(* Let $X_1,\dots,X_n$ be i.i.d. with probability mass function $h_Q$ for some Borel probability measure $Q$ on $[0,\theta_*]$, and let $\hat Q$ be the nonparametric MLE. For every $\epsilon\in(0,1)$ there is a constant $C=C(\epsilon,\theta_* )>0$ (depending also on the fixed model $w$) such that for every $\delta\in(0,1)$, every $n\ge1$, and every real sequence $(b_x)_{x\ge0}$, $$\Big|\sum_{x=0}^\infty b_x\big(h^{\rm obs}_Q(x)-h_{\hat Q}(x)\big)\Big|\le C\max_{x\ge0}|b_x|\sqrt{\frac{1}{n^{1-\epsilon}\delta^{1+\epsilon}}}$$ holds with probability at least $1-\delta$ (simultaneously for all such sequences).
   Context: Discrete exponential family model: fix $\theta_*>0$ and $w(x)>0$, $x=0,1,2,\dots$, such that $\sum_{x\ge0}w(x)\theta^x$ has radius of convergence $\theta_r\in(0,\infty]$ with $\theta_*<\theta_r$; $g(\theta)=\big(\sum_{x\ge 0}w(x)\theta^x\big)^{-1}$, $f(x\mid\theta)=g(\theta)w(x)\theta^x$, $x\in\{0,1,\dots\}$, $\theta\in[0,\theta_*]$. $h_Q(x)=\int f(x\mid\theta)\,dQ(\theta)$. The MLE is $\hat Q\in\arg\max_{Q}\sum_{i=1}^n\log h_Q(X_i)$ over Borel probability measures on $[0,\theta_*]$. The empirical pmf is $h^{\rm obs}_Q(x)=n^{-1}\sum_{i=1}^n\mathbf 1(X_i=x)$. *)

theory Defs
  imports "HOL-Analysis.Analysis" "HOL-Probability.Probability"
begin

---+---

**Task to complete**
The answer consists of every entry, returned exactly.

**The completed task**
(* Let $X_1,\dots,X_n$ be i.i.d. with probability mass function $h_Q$ for some Borel probability measure $Q$ on $[0,\theta_*]$, and let $\hat Q$ be the nonparametric MLE. For every $\epsilon\in(0,1)$ there is a constant $C=C(\epsilon,\theta_* )>0$ (depending also on the fixed model $w$) such that for every $\delta\in(0,1)$, every $n\ge1$, and every real sequence $(b_x)_{x\ge0}$, $$\Big|\sum_{x=0}^\infty b_x\big(h^{\rm obs}_Q(x)-h_{\hat Q}(x)\big)\Big|\le C\max_{x\ge0}|b_x|\sqrt{\frac{1}{n^{1-\epsilon}\delta^{1+\epsilon}}}$$ holds with probability at least $1-\delta$ (simultaneously for all such sequences).
   Context: Discrete exponential family model: fix $\theta_*>0$ and $w(x)>0$, $x=0,1,2,\dots$, such that $\sum_{x\ge0}w(x)\theta^x$ has radius of convergence $\theta_r\in(0,\infty]$ with $\theta_*<\theta_r$; $g(\theta)=\big(\sum_{x\ge 0}w(x)\theta^x\big)^{-1}$, $f(x\mid\theta)=g(\theta)w(x)\theta^x$, $x\in\{0,1,\dots\}$, $\theta\in[0,\theta_*]$. $h_Q(x)=\int f(x\mid\theta)\,dQ(\theta)$. The MLE is $\hat Q\in\arg\max_{Q}\sum_{i=1}^n\log h_Q(X_i)$ over Borel probability measures on $[0,\theta_*]$. The empirical pmf is $h^{\rm obs}_Q(x)=n^{-1}\sum_{i=1}^n\mathbf 1(X_i=x)$. *)

theory Defs
  imports "HOL-Analysis.Analysis" "HOL-Probability.Probability"
begin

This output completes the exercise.